─── Given data

lemma contr_norton_power_profile:
  fixes a arr n r :: real
  assumes n: "0 < n" and r: "0 < r"
  shows "contr (norton n (a + arr * r powr (-2/n), a + (n-2)/n * arr * r powr (-2/n),
            a + (n-1)/n * arr * r powr (-2/n), 0)) (x, y, z, w) * r
       = 3 powr ((n-1)/2) * arr * \<bar>arr\<bar> powr (n-1) * n powr (-n) * (x - y) / r"
proof -
  define t where "t = r powr (-2/n)"
  define m where "m = a + (n-1)/n * arr * t"
  define s where "s = arr / n * t"
  have t: "0 < t" using r by (simp add: t_def)
  have "(a + arr * t, a + (n-2)/n * arr * t, a + (n-1)/n * arr * t, 0::real) = (m + s, m - s, m, 0)"
    using n by (simp add: m_def s_def field_simps)
  then have "contr (norton n (a + arr * t, a + (n-2)/n * arr * t, a + (n-1)/n * arr * t, 0)) (x, y, z, w) * r
      = s * (sqrt 3 * \<bar>s\<bar>) powr (n - 1) * (x - y) * r"
    by (simp add: contr_norton_pure_shear)
  also have "(sqrt 3 * \<bar>s\<bar>) powr (n - 1) = 3 powr ((n-1)/2) * \<bar>arr\<bar> powr (n-1) * t powr (n-1) / n powr (n-1)"
    using t n by (simp add: s_def abs_mult powr_mult powr_divide sqrt_def root_powr_inverse powr_powr)
  also have "s * (3 powr ((n-1)/2) * \<bar>arr\<bar> powr (n-1) * t powr (n-1) / n powr (n-1)) * (x - y) * r
      = 3 powr ((n-1)/2) * arr * \<bar>arr\<bar> powr (n-1) * (1 / (n * n powr (n-1))) * (t * t powr (n-1) * r) * (x - y)"
    by (simp only: s_def) (simp add: algebra_simps)
  also have "1 / (n * n powr (n-1)) = n powr (-n)"
    using n by (simp add: powr_mult_base powr_minus divide_inverse)
  also have "t * t powr (n-1) * r = 1 / r"
  proof -
    have "t * t powr (n-1) = t powr n"
      using t by (simp add: powr_mult_base)
    also have "\<dots> = r powr (-2)"
      using n by (simp add: t_def powr_powr)
    finally have "t * t powr (n-1) = r powr (-2)" .
    then show ?thesis using r by (simp add: powr_minus powr_realpow power2_eq_square divide_simps)
  qed
  finally show ?thesis by (simp add: t_def)
qed

lemma C1_on_has_vector_derivative_fst:
  assumes "C1_on S f fr fz" and "(\<lambda>r. (r, z)) ` {a..b} \<subseteq> S" and "r \<in> {a..b}"
  shows "((\<lambda>r. f (r, z)) has_vector_derivative fr (r, z)) (at r within {a..b})"
proof -
  have "((\<lambda>r. (r, z)) has_derivative (\<lambda>u. (u, 0))) (at r within {a..b})"
    by (auto intro!: derivative_eq_intros)
  moreover have "\<And>x. x \<in> S \<Longrightarrow> (f has_derivative (\<lambda>(u, v). fr x * u + fz x * v)) (at x within S)"
    using assms(1) by (simp add: C1_on_def)
  ultimately show ?thesis
    using has_derivative_in_compose2[OF _ assms(2,3)] by (fastforce simp: has_vector_derivative_def mult.commute)
qed

lemma C1_on_has_vector_derivative_snd:
  assumes "C1_on S f fr fz" and "(\<lambda>z. (r, z)) ` {c..d} \<subseteq> S" and "z \<in> {c..d}"
  shows "((\<lambda>z. f (r, z)) has_vector_derivative fz (r, z)) (at z within {c..d})"
proof -
  have "((\<lambda>z. (r, z)) has_derivative (\<lambda>v. (0, v))) (at z within {c..d})"
    by (auto intro!: derivative_eq_intros)
  moreover have "\<And>x. x \<in> S \<Longrightarrow> (f has_derivative (\<lambda>(u, v). fr x * u + fz x * v)) (at x within S)"
    using assms(1) by (simp add: C1_on_def)
  ultimately show ?thesis
    using has_derivative_in_compose2[OF _ assms(2,3)] by (fastforce simp: has_vector_derivative_def mult.commute)
qed

lemma C1_on_integral_partial_fst:
  assumes f: "C1_on S f fr fz" and box: "cbox (a, c) (b, d) \<subseteq> S" and "a \<le> b"
  shows "integral (cbox (a, c) (b, d)) fr = integral {c..d} (\<lambda>z. f (b, z) - f (a, z))"
proof -
  have cont: "continuous_on (cbox (a, c) (b, d)) fr"
    using f box by (auto simp: C1_on_def intro: continuous_on_subset)
  have "integral (cbox (a, c) (b, d)) fr = integral (cbox a b) (\<lambda>r. integral (cbox c d) (\<lambda>z. fr (r, z)))"
    using cont by (rule integral_prod_continuous)
  also have "\<dots> = integral (cbox c d) (\<lambda>z. integral (cbox a b) (\<lambda>r. fr (r, z)))"
    using cont by (intro integral_swap_continuous) simp
  also have "\<dots> = integral {c..d} (\<lambda>z. f (b, z) - f (a, z))"
    unfolding cbox_interval
  proof (rule integral_cong)
    fix z assume "z \<in> {c..d}"
    then have "(\<lambda>r. (r, z)) ` {a..b} \<subseteq> S" using box by (auto simp: cbox_Pair_iff)
    then have "((\<lambda>r. fr (r, z)) has_integral f (b, z) - f (a, z)) {a..b}"
      using C1_on_has_vector_derivative_fst[OF f] \<open>a \<le> b\<close> by (intro fundamental_theorem_of_calculus)
    then show "integral {a..b} (\<lambda>r. fr (r, z)) = f (b, z) - f (a, z)" by (rule integral_unique)
  qed
  finally show ?thesis .
qed

lemma C1_on_integral_partial_snd:
  assumes f: "C1_on S f fr fz" and box: "cbox (a, c) (b, d) \<subseteq> S" and "c \<le> d"
  shows "integral (cbox (a, c) (b, d)) fz = integral {a..b} (\<lambda>r. f (r, d) - f (r, c))"
proof -
  have cont: "continuous_on (cbox (a, c) (b, d)) fz"
    using f box by (auto simp: C1_on_def intro: continuous_on_subset)
  have "integral (cbox (a, c) (b, d)) fz = integral (cbox a b) (\<lambda>r. integral (cbox c d) (\<lambda>z. fz (r, z)))"
    using cont by (rule integral_prod_continuous)
  also have "\<dots> = integral {a..b} (\<lambda>r. f (r, d) - f (r, c))"
    unfolding cbox_interval
  proof (rule integral_cong)
    fix r assume "r \<in> {a..b}"
    then have "(\<lambda>z. (r, z)) ` {c..d} \<subseteq> S" using box by (auto simp: cbox_Pair_iff)
    then have "((\<lambda>z. fz (r, z)) has_integral f (r, d) - f (r, c)) {c..d}"
      using C1_on_has_vector_derivative_snd[OF f] \<open>c \<le> d\<close> by (intro fundamental_theorem_of_calculus)
    then show "integral {c..d} (\<lambda>z. fz (r, z)) = f (r, d) - f (r, c)" by (rule integral_unique)
  qed
  finally show ?thesis .
qed

lemma admissible_integral_hoop_difference:
  assumes adm: "admissible ri ro H sr st sz srz" and "ri \<le> ro" and "0 \<le> h" and "h \<le> H"
  shows "integral (cbox (ri, 0) (ro, h)) (\<lambda>(r, z). (sr (r, z) - st (r, z)) / r)
       = - integral {ri..ro} (\<lambda>r. srz (r, h))"
proof -
  define \<Omega> where "\<Omega> = cbox (ri, 0::real) (ro, h)"
  have \<Omega>_sub: "\<Omega> \<subseteq> cbox (ri, 0) (ro, H)"
    using \<open>h \<le> H\<close> by (auto simp: \<Omega>_def cbox_Pair_iff)
  obtain sr_r sr_z st_r st_z sz_r sz_z srz_r srz_z where
    sr: "C1_on (cbox (ri, 0) (ro, H)) sr sr_r sr_z" and
    srz: "C1_on (cbox (ri, 0) (ro, H)) srz srz_r srz_z" and
    equilibrium: "\<And>r z. (r, z) \<in> cbox (ri, 0) (ro, H) \<Longrightarrow>
       sr_r (r, z) + (sr (r, z) - st (r, z)) / r + srz_z (r, z) = 0"
    using adm unfolding admissible_def Let_def by blast
  have sr_lateral: "\<And>z. z \<in> {0..h} \<Longrightarrow> sr (ri, z) = 0 \<and> sr (ro, z) = 0"
    and srz_bottom: "\<And>r. r \<in> {ri..ro} \<Longrightarrow> srz (r, 0) = 0"
    using adm \<open>h \<le> H\<close> unfolding admissible_def Let_def by auto
  have "continuous_on \<Omega> sr_r" "continuous_on \<Omega> srz_z"
    using sr srz \<Omega>_sub by (meson C1_on_def continuous_on_subset)+
  then have integrable: "sr_r integrable_on \<Omega>" "srz_z integrable_on \<Omega>"
    unfolding \<Omega>_def by (simp_all add: integrable_continuous)
  have "integral \<Omega> (\<lambda>(r, z). (sr (r, z) - st (r, z)) / r) = integral \<Omega> (\<lambda>x. - (sr_r x + srz_z x))"
  proof (rule integral_cong)
    fix x assume "x \<in> \<Omega>"
    moreover obtain r z where "x = (r, z)" by fastforce
    ultimately show "(\<lambda>(r, z). (sr (r, z) - st (r, z)) / r) x = - (sr_r x + srz_z x)"
      using equilibrium[of r z] \<Omega>_sub by auto
  qed
  also have "\<dots> = - (integral \<Omega> sr_r + integral \<Omega> srz_z)"
    by (simp only: integral_neg integral_add[OF integrable])
  also have "integral \<Omega> sr_r = integral {0..h} (\<lambda>z. sr (ro, z) - sr (ri, z))"
    unfolding \<Omega>_def using sr \<Omega>_sub \<open>ri \<le> ro\<close> by (intro C1_on_integral_partial_fst) (auto simp: \<Omega>_def)
  also have "\<dots> = integral {0..h} (\<lambda>z. 0)"
    using sr_lateral by (intro integral_cong) simp
  also have "\<dots> = 0" by simp
  also have "integral \<Omega> srz_z = integral {ri..ro} (\<lambda>r. srz (r, h) - srz (r, 0))"
    unfolding \<Omega>_def using srz \<Omega>_sub \<open>0 \<le> h\<close> by (intro C1_on_integral_partial_snd) (auto simp: \<Omega>_def)
  also have "\<dots> = integral {ri..ro} (\<lambda>r. srz (r, h))"
    using srz_bottom by (intro integral_cong) simp
  finally show ?thesis by (simp add: \<Omega>_def)
qed

lemma integral_contr_norton_power_profile:
  fixes a arr n :: real
  assumes adm: "admissible ri ro H dsr dst dsz dsrz"
    and "0 < ri" "ri \<le> ro" "0 \<le> h" "h \<le> H" "0 < n"
  shows "integral (cbox (ri, 0) (ro, h))
      (\<lambda>(r, z). contr (norton n (a + arr * r powr (-2/n), a + (n-2)/n * arr * r powr (-2/n),
         a + (n-1)/n * arr * r powr (-2/n), 0)) (dsr (r, z), dst (r, z), dsz (r, z), dsrz (r, z)) * r)
    = - (3 powr ((n-1)/2) * arr * \<bar>arr\<bar> powr (n-1) * n powr (-n) * integral {ri..ro} (\<lambda>r. dsrz (r, h)))"
    (is "integral ?\<Omega> ?f = - (?c * _)")
proof -
  have "integral ?\<Omega> ?f = integral ?\<Omega> (\<lambda>x. ?c * (\<lambda>(r, z). (dsr (r, z) - dst (r, z)) / r) x)"
  proof (rule integral_cong)
    fix x assume "x \<in> ?\<Omega>"
    then obtain r z where x: "x = (r, z)" and "0 < r"
      using \<open>0 < ri\<close> by (cases x) (auto simp: cbox_Pair_iff)
    have "?f (r, z) = ?c * (dsr (r, z) - dst (r, z)) / r"
      unfolding prod.case by (rule contr_norton_power_profile[OF \<open>0 < n\<close> \<open>0 < r\<close>])
    then show "?f x = ?c * (\<lambda>(r, z). (dsr (r, z) - dst (r, z)) / r) x"
      by (simp only: x prod.case times_divide_eq_right)
  qed
  also have "\<dots> = - (?c * integral {ri..ro} (\<lambda>r. dsrz (r, h)))"
    using admissible_integral_hoop_difference[OF adm] assms by simp
  finally show ?thesis .
qed

theorem mainTheorem1:
  fixes ri ro h H n p :: real
    and dsr dst dsz dsrz :: "real \<times> real \<Rightarrow> real"
  assumes "0 < ri" "ri < ro" "0 < h" "h < H" "0 < n" "0 < p"
    and "admissible ri ro H dsr dst dsz dsrz"
  shows
    "(let a = p * ri powr (2/n) / (ro powr (2/n) - ri powr (2/n));
          arr = - p * ri powr (2/n) * ro powr (2/n) / (ro powr (2/n) - ri powr (2/n));
          ath = (n - 2) / n * arr;
          azz = (n - 1) / n * arr;
          c = 3 powr ((n - 1) / 2) * arr * \<bar>arr\<bar> powr (n - 1) * n powr (- n);
          \<sigma>0 = (\<lambda>r::real. (a + arr * r powr (-2/n), a + ath * r powr (-2/n),
                             a + azz * r powr (-2/n), 0::real))
      in integral (cbox (ri, 0) (ro, h))
           (\<lambda>(r, z). contr (norton n (\<sigma>0 r)) (dsr (r, z), dst (r, z), dsz (r, z), dsrz (r, z)) * r)
         = - integral {ri..ro} (\<lambda>r. c / r * dsrz (r, h) * r))"
proof -
  have weight_cancels: "integral {ri..ro} (\<lambda>r. c / r * dsrz (r, h) * r) = c * integral {ri..ro} (\<lambda>r. dsrz (r, h))"
    for c :: real
  proof -
    have "integral {ri..ro} (\<lambda>r. c / r * dsrz (r, h) * r) = integral {ri..ro} (\<lambda>r. c * dsrz (r, h))"
      using \<open>0 < ri\<close> by (intro integral_cong) auto
    then show ?thesis by simp
  qed
  from assms have "ri \<le> ro" "0 \<le> h" "h \<le> H" by auto
  with assms show ?thesis
    unfolding Let_def weight_cancels by (intro integral_contr_norton_power_profile)
qed

end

──────

Work to be completed
Show each line in the listing above that has "unfolding".

Result
    unfolding cbox_interval
    unfolding cbox_interval
    using adm unfolding admissible_def Let_def by blast
    using adm \<open>h \<le> H\<close> unfolding admissible_def Let_def by auto
    unfolding \<Omega>_def by (simp_all add: integrable_continuous)
    unfolding \<Omega>_def using sr \<Omega>_sub \<open>ri \<le> ro\<close> by (intro C1_on_integral_partial_fst) (auto simp: \<Omega>_def)
    unfolding \<Omega>_def using srz \<Omega>_sub \<open>0 \<le> h\<close> by (intro C1_on_integral_partial_snd) (auto simp: \<Omega>_def)
      unfolding prod.case by (rule contr_norton_power_profile[OF \<open>0 < n\<close> \<open>0 < r\<close>])
    unfolding Let_def weight_cancels by (intro integral_contr_norton_power_profile)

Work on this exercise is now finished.